Authentication Types and Their Configuration

Deckhouse Observability Platform provides various authentication methods to ensure secure access to the system.

UI Access:

• Email-Password: A standard authentication method where users log in using their email and password. This method is enabled by default.
• External Authentication: For organizations that prefer to use their existing identity management systems, Deckhouse Observability Platform provides authentication through external sources. Currently, the following methods are supported:
  • OIDC (OpenID Connect): A modern authentication standard based on the OAuth 2.0 protocol.
  • LDAP/Active Directory using Dex: Integration with corporate LDAP or Active Directory directories using Dex as an intermediary (requires additional configuration on the Deckhouse Kubernetes Platform’s side).

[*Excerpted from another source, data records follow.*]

lemma gnp_prob_atypical_vertex:
  assumes n: "2 \<le> n" and p: "0 < p" "p \<le> 1" and "v < n"
    and y: "y ^ 3 = p * real n" "2 \<le> y"
  shows "gnp_prob n p (\<lambda>S. y\<^sup>2 < \<bar>real (gdeg S v) - avg_deg n S\<bar>) \<le> 4 * exp (- y / 144)"
proof -
  let ?deg_dev = "\<lambda>S. 2 * y\<^sup>2 / 6 \<le> \<bar>real (card (S \<inter> incident n v)) - p * (real n - 1)\<bar>"
  let ?edge_dev = "\<lambda>S. (real n - 1) * y\<^sup>2 / 6
                        \<le> \<bar>real (card (S \<inter> gpairs n)) - p * real (card (gpairs n))\<bar>"
  have "p \<le> y\<^sup>2 / 3"
    using p y power_mono[of 2 y 2] by simp
  have "subset_prob (gpairs n) p (\<lambda>S. y\<^sup>2 < \<bar>real (gdeg S v) - avg_deg n S\<bar>)
      \<le> subset_prob (gpairs n) p (\<lambda>S. ?deg_dev S \<or> ?edge_dev S)"
  proof (rule subset_prob_mono)
    fix S assume S: "S \<subseteq> gpairs n" and "y\<^sup>2 < \<bar>real (gdeg S v) - avg_deg n S\<bar>"
    then show "?deg_dev S \<or> ?edge_dev S"
      using gdeg_near_avg_deg[OF n _ \<open>p \<le> y\<^sup>2 / 3\<close>, of S v] p
      by (force simp: gdeg_eq_card_incident Int_absorb2)
  qed (use p in auto)
  also have "\<dots> \<le> subset_prob (gpairs n) p ?deg_dev + subset_prob (gpairs n) p ?edge_dev"
    by (rule subset_prob_disj) (use p in auto)
  also have "\<dots> \<le> 2 * exp (- (2 * y / 144)) + 2 * exp (- ((real n - 1) * y / 144))"
    using degree_deviation_prob[OF assms] edge_count_deviation_prob[OF n p y] by (rule add_mono)
  also have "\<dots> \<le> 4 * exp (- y / 144)"
  proof -
    have "y \<le> (real n - 1) * y" using y n mult_right_mono[of 1 "real n - 1" y] by simp
    then have "exp (- ((real n - 1) * y / 144)) \<le> exp (- y / 144)" by simp
    moreover have "exp (- (2 * y / 144)) \<le> exp (- y / 144)" using y by simp
    ultimately show ?thesis by linarith
  qed
  finally show ?thesis by (simp add: gnp_prob_eq_subset_prob)
qed

lemma num_atypical_eq_card:
  "num_atypical n x S = card {v\<in>{..<n}. x < \<bar>real (gdeg S v) - avg_deg n S\<bar>}"
  unfolding num_atypical_def by (rule arg_cong[where f=card]) auto

lemma gnp_prob_num_atypical_gt:
  assumes "2 \<le> n" "0 < p" "p \<le> 1" "y ^ 3 = p * real n" "2 \<le> y" "0 < T"
  shows "gnp_prob n p (\<lambda>S. T < real (num_atypical n (y\<^sup>2) S)) \<le> 4 * real n * exp (- y / 144) / T"
proof -
  have "gnp_prob n p (\<lambda>S. T < real (num_atypical n (y\<^sup>2) S))
      \<le> (\<Sum>v<n. gnp_prob n p (\<lambda>S. y\<^sup>2 < \<bar>real (gdeg S v) - avg_deg n S\<bar>)) / T"
    unfolding gnp_prob_eq_subset_prob num_atypical_eq_card
    by (rule subset_prob_card_gt) (use assms in auto)
  also have "\<dots> \<le> (\<Sum>v<n. 4 * exp (- y / 144)) / T"
    using assms gnp_prob_atypical_vertex
    by (intro divide_right_mono sum_mono) auto
  finally show ?thesis by (simp add: mult.commute)
qed

lemma gnp_prob_few_atypical:
  assumes n: "2 \<le> n" and p: "0 < p" "p \<le> 1"
    and y: "y ^ 3 = p * real n" "1000 \<le> y" and z: "0 \<le> z" "z \<le> y"
  shows "gnp_prob n p (\<lambda>S. real (num_atypical n (y\<^sup>2) S) \<le> real n / exp (1/576 * z))
           \<ge> 1 - exp (- (1/576) * y)"
proof -
  define T where "T = real n / exp (1/576 * z)"
  have "gnp_prob n p (\<lambda>S. T < real (num_atypical n (y\<^sup>2) S)) \<le> 4 * real n * exp (- y / 144) / T"
    by (rule gnp_prob_num_atypical_gt) (use n p y in \<open>auto simp: T_def\<close>)
  also have "\<dots> = 4 * exp (- y / 144) * exp (1/576 * z)"
    using n by (simp add: T_def)
  also have "\<dots> \<le> 4 * exp (- y / 144) * exp (y / 288 - y / 576)"
    using z by (intro mult_left_mono) auto
  also have "\<dots> = 4 * exp (- (y / 288)) * exp (- (1/576) * y)"
    by (simp add: mult_exp_exp)
  also have "\<dots> \<le> exp (- (1/576) * y)"
    using exp_ge_add_one_self[of "y / 288"] y by (simp add: exp_minus field_simps)
  finally show ?thesis
    using subset_prob_not[OF finite_gpairs, of n p "\<lambda>S. T < real (num_atypical n (y\<^sup>2) S)"]
    unfolding gnp_prob_eq_subset_prob T_def[symmetric] not_less by simp
qed

lemma powr_one_third_cube: "0 \<le> q \<Longrightarrow> (q powr (1/3)) ^ 3 = (q::real)"
  by (cases "q = 0") (simp_all add: powr_realpow[symmetric] powr_powr)

lemma powr_two_thirds: "0 \<le> q \<Longrightarrow> (q::real) powr (2/3) = (q powr (1/3))\<^sup>2"
  by (cases "q = 0") (simp_all add: powr_realpow[symmetric] powr_powr)

theorem lemma4p3:
  fixes f :: "nat \<Rightarrow> real"
  assumes "\<And>n. f n \<ge> 0"
    and "filterlim f at_top sequentially"
  shows "\<exists>C>0. \<forall>\<^sub>F n in sequentially. \<forall>p::real. f n / real n \<le> p \<and> p \<le> 1 \<longrightarrow>
           gnp_prob n p (\<lambda>S. real (num_atypical n ((p * real n) powr (2/3)) S)
                               \<le> real n / exp (C * f n powr (1/3)))
             \<ge> 1 - exp (- C * (p * real n) powr (1/3))"
proof (intro exI[of _ "1/576"] conjI)
  have "\<forall>\<^sub>F n in sequentially. 1000 ^ 3 \<le> f n \<and> 2 \<le> n"
    using assms(2) by (simp add: filterlim_at_top eventually_conj eventually_ge_at_top)
  then show "\<forall>\<^sub>F n in sequentially. \<forall>p::real. f n / real n \<le> p \<and> p \<le> 1 \<longrightarrow>
      gnp_prob n p (\<lambda>S. real (num_atypical n ((p * real n) powr (2/3)) S)
                          \<le> real n / exp (1/576 * f n powr (1/3)))
        \<ge> 1 - exp (- (1/576) * (p * real n) powr (1/3))"
  proof (elim eventually_mono, intro allI impI, elim conjE)
    fix n :: nat and p :: real
    assume f: "1000 ^ 3 \<le> f n" and n: "2 \<le> n" and "f n / real n \<le> p" "p \<le> 1"
    define y where "y = (p * real n) powr (1/3)"
    have "f n \<le> p * real n" using \<open>f n / real n \<le> p\<close> n by (simp add: field_simps)
    then have "0 < p * real n" using f by simp
    then have y3: "y ^ 3 = p * real n" and "0 < p"
      using powr_one_third_cube[of "p * real n"] by (simp_all add: y_def zero_less_mult_iff)
    have "1000 \<le> y"
      by (rule power_le_imp_le_base[of _ 2]) (use y3 f \<open>f n \<le> p * real n\<close> in \<open>simp_all add: y_def\<close>)
    have "f n powr (1/3) \<le> y"
      using \<open>f n \<le> p * real n\<close> assms(1) by (simp add: y_def powr_mono2)
    moreover have "(p * real n) powr (2/3) = y\<^sup>2"
      using \<open>0 < p * real n\<close> by (simp add: y_def powr_two_thirds)
    ultimately show "gnp_prob n p (\<lambda>S. real (num_atypical n ((p * real n) powr (2/3)) S)
                                  \<le> real n / exp (1/576 * f n powr (1/3)))
        \<ge> 1 - exp (- (1/576) * (p * real n) powr (1/3))"
      using gnp_prob_few_atypical[OF n \<open>0 < p\<close> \<open>p \<le> 1\<close> y3 \<open>1000 \<le> y\<close>, of "f n powr (1/3)"]
      unfolding y_def[symmetric] by simp
  qed
qed simp

end
(* There is an absolute constant $C>0$ such that for every integer $d\ge1$, every $\alpha>0$, every $n\ge1$ and all points $v_1,\dots,v_n\in[0,1]^d$, if $T$ is a minimal spanning tree on $v_1,\dots,v_n$ (with respect to Euclidean distance), then \[ \sum_{e\in T}\|e\|^\alpha\le (C\sqrt d)^\alpha\, n^{\max(0,\,1-\alpha/d)}. \]
   Context: A minimal spanning tree (MST) on a finite set of points in a metric space is a spanning tree of the complete graph on those points that minimizes the sum of the edge lengths. $\|e\|$ denotes the Euclidean length of an edge $e$. *)

theory Defs
  imports Complex_Main
begin

text \<open>Points of [0,1]^d are represented as functions nat => real, of which only the
coordinates k < d are relevant. The n points are v 0, ..., v (n-1); vertices of the
complete graph are the indices {..<n}; edges are 2-element sets of indices.\<close>

definition eucl_dist :: "nat \<Rightarrow> (nat \<Rightarrow> real) \<Rightarrow> (nat \<Rightarrow> real) \<Rightarrow> real" where
  "eucl_dist d x y = sqrt (\<Sum>k<d. (x k - y k)^2)"

definition in_unit_cube :: "nat \<Rightarrow> (nat \<Rightarrow> real) \<Rightarrow> bool" where
  "in_unit_cube d x \<longleftrightarrow> (\<forall>k<d. 0 \<le> x k \<and> x k \<le> 1)"

definition edge_len :: "nat \<Rightarrow> (nat \<Rightarrow> nat \<Rightarrow> real) \<Rightarrow> nat set \<Rightarrow> real" where
  "edge_len d v e = Max ((\<lambda>(i,j). eucl_dist d (v i) (v j)) ` (e \<times> e))"

definition complete_edges :: "nat \<Rightarrow> nat set set" where
  "complete_edges n = {{i,j} | i j. i < n \<and> j < n \<and> i \<noteq> j}"

definition graph_connected :: "nat \<Rightarrow> nat set set \<Rightarrow> bool" where
  "graph_connected n T \<longleftrightarrow>
     (\<forall>i<n. \<forall>j<n. (i, j) \<in> {(a, b). {a, b} \<in> T}\<^sup>*)"

definition is_cycle :: "nat set set \<Rightarrow> nat list \<Rightarrow> bool" where
  "is_cycle T c \<longleftrightarrow> 3 \<le> length c \<and> distinct c \<and>
     (\<forall>i<length c. {c ! i, c ! ((i + 1) mod length c)} \<in> T)"

definition spanning_tree :: "nat \<Rightarrow> nat set set \<Rightarrow> bool" where
  "spanning_tree n T \<longleftrightarrow> T \<subseteq> complete_edges n \<and> graph_connected n T \<and>
     (\<nexists>c. is_cycle T c)"

definition tree_weight :: "nat \<Rightarrow> (nat \<Rightarrow> nat \<Rightarrow> real) \<Rightarrow> nat set set \<Rightarrow> real" where
  "tree_weight d v T = (\<Sum>e\<in>T. edge_len d v e)"

definition is_MST :: "nat \<Rightarrow> (nat \<Rightarrow> nat \<Rightarrow> real) \<Rightarrow> nat \<Rightarrow> nat set set \<Rightarrow> bool" where
  "is_MST d v n T \<longleftrightarrow> spanning_tree n T \<and>
     (\<forall>T'. spanning_tree n T' \<longrightarrow> tree_weight d v T \<le> tree_weight d v T')"

end

theory Submission
  imports Defs "HOL-Analysis.Analysis"
begin

(*
  Deleting an edge e = {x,y} from a minimal spanning tree T splits the vertices into the side
  of x and the side of y, and every vertex z on the side of x satisfies |e| <= |v z - v y|:
  otherwise exchanging e for {z,y} would give a lighter spanning tree. So if f is another edge
  with |f| <= |e|, then (up to swapping x and y) both endpoints of f are at distance at least |e|
  from v y, and Apollonius' identity puts the midpoint of f at distance at least (sqrt 3 / 2) |e|
  from v y, whereas the midpoint of e is at distance |e| / 2 from it. Hence the cubes of
  half-side |e| / (6 sqrt d) about the midpoints of the edges are pairwise disjoint. They lie in
  a cube of side 2, so comparing volumes gives sum |e|^d <= (6 sqrt d)^d. For alpha >= d this
  bounds sum |e|^alpha directly; for alpha < d the power-mean inequality over the at most n
  edges of positive length contributes the factor n^(1 - alpha/d).
*)

section \<open>Connectivity of edge sets\<close>

definition edge_rel :: "nat set set \<Rightarrow> (nat \<times> nat) set" where
  "edge_rel T = {(a, b). {a, b} \<in> T}"

lemma edge_rel_iff [simp]: "(a, b) \<in> edge_rel T \<longleftrightarrow> {a, b} \<in> T"
  by (simp add: edge_rel_def)

lemma graph_connected_iff: "graph_connected n T \<longleftrightarrow> (\<forall>i<n. \<forall>j<n. (i, j) \<in> (edge_rel T)\<^sup>*)"
  by (simp add: graph_connected_def edge_rel_def)

lemma rtrancl_edge_rel_sym: "(a, b) \<in> (edge_rel T)\<^sup>* \<Longrightarrow> (b, a) \<in> (edge_rel T)\<^sup>*"
proof -
  have "sym (edge_rel T)"
    by (auto simp: sym_def insert_commute)
  then have "sym ((edge_rel T)\<^sup>*)"
    by (rule sym_rtrancl)
  then show "(a, b) \<in> (edge_rel T)\<^sup>* \<Longrightarrow> (b, a) \<in> (edge_rel T)\<^sup>*"
    by (rule symD)
qed

lemma rtrancl_edge_rel_mono: "T \<subseteq> T' \<Longrightarrow> (edge_rel T)\<^sup>* \<subseteq> (edge_rel T')\<^sup>*"
  by (rule rtrancl_mono) auto

lemma rtrancl_edge_rel_Diff_edge:
  fixes a b :: nat
  assumes "(u, w) \<in> (edge_rel H)\<^sup>*"
  defines "R \<equiv> edge_rel (H - {{a, b}})"
  shows "(u, w) \<in> R\<^sup>* \<or> ((u, a) \<in> R\<^sup>* \<and> (b, w) \<in> R\<^sup>*) \<or> ((u, b) \<in> R\<^sup>* \<and> (a, w) \<in> R\<^sup>*)"
  using assms(1)
proof (induction rule: rtrancl_induct)
  case base
  then show ?case by simp
next
  case (step w w')
  show ?case
  proof (cases "{w, w'} = {a, b}")
    case False
    then have "(w, w') \<in> R"
      using step(2) by (simp add: R_def)
    with step(3) show ?thesis
      by (meson rtrancl_into_rtrancl)
  next
    case True
    then have "(w = a \<and> w' = b) \<or> (w = b \<and> w' = a)"
      by (auto simp: doubleton_eq_iff)
    with step(3) show ?thesis by auto
  qed
qed

lemma rtrancl_edge_rel_Diff_edge_sides:
  assumes "(a, w) \<in> (edge_rel H)\<^sup>*"
  shows "(a, w) \<in> (edge_rel (H - {{a, b}}))\<^sup>* \<or> (b, w) \<in> (edge_rel (H - {{a, b}}))\<^sup>*"
  using rtrancl_edge_rel_Diff_edge[OF assms, of a b] by (meson rtrancl_trans)

lemma graph_connected_exchange:
  assumes conn: "graph_connected n T" and sub: "T - {{x, y}} \<subseteq> H"
    and xy: "(x, y) \<in> (edge_rel H)\<^sup>*"
  shows "graph_connected n H"
  unfolding graph_connected_iff
proof (intro allI impI)
  fix i j assume "i < n" "j < n"
  then have "(i, j) \<in> (edge_rel T)\<^sup>*"
    using conn by (simp add: graph_connected_iff)
  moreover have "(edge_rel (T - {{x, y}}))\<^sup>* \<subseteq> (edge_rel H)\<^sup>*"
    using sub by (rule rtrancl_edge_rel_mono)
  moreover have "(y, x) \<in> (edge_rel H)\<^sup>*"
    using xy by (rule rtrancl_edge_rel_sym)
  ultimately show "(i, j) \<in> (edge_rel H)\<^sup>*"
    using rtrancl_edge_rel_Diff_edge[of i j T x y] xy by (meson rtrancl_trans subsetD)
qed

You can configure the authentication method during system installation by specifying the appropriate settings in the module config. When using external authentication, additional role mapping configuration is required.

API Access:

• API Tokens: An authentication method for interacting with the system through the API. This type of authentication is always enabled.

The User Role Model

A user is an account in the system that has various access rights to different entities within the system. Users interact with the system through the web interface only.

Users can have 4 types of roles:

• Super Administrator: Full access to all system entities, including system settings.
• Administrator: Access to a specific entity, such as organization, space, or project. Automatically applies to nested entities.
• User: Access to a specific entity, such as organization, space, or project. Automatically applies to nested entities.
• Viewer: Read-only access to a specific entity, such as organization, space, or project. Automatically applies to nested entities.

User Role Model

External Authentication

Enabling External Authentication

External authentication allows users of the Deckhouse Observability Platform to use accounts from external systems to log in. Follow the steps below to enable it:

1. Set the mapping for the Super Administrator role:

   • Go to “System Settings” -> “Role Mapping Settings”.
   • Select “Add Mapping”.
   • Fill in the fields:
     • Group Name: the identifier of the external group (e.g., “super-administrator”).
     • Object Type: select “Entire System”.
     • Role: specify “Super Administrator”.
   • Confirm your choice by clicking “Update”.

2. Enable external authorization:

   • If using Dex, preliminary configuration of dexProvider is required.
   • If OIDC is enabled, configure oidc settings in the module config.
   • Enable external authorization in the module config using the command:

     kubectl patch ModuleConfig observability-platform -p '{"spec": {"settings": {"auth": {"mode": "externalAuth"}}}}' --type=merge
     

Once these steps are complete, the system will be ready for external authentication.

Setting Up Role Mapping

Follow the steps below to set up role mapping:

1. Go to “System Settings” -> “Role Mapping Settings”.
2. Click “Add Role Mapping”:
   • Group Name: the name of the group from the external system (e.g., “admins”).
   • Object Type: select the object (“Entire System”, “Organization”, “Space”, “Project”).
   • Parent Object (if applicable).
   • Object Name (if applicable).
   • Role: select one of the role types (Super Administrator, Administrator, User, Read-Only).

The Tokens Role Model

Tokens is an account in the system that has various access rights to different entities within the system. It interacts with the system exclusively through the API.

If a token is created whose scope includes multiple projects, a space, or an organization, such a token is classified as multi-tenant. These tokens are limited to read-only access to monitoring data in the selected scope.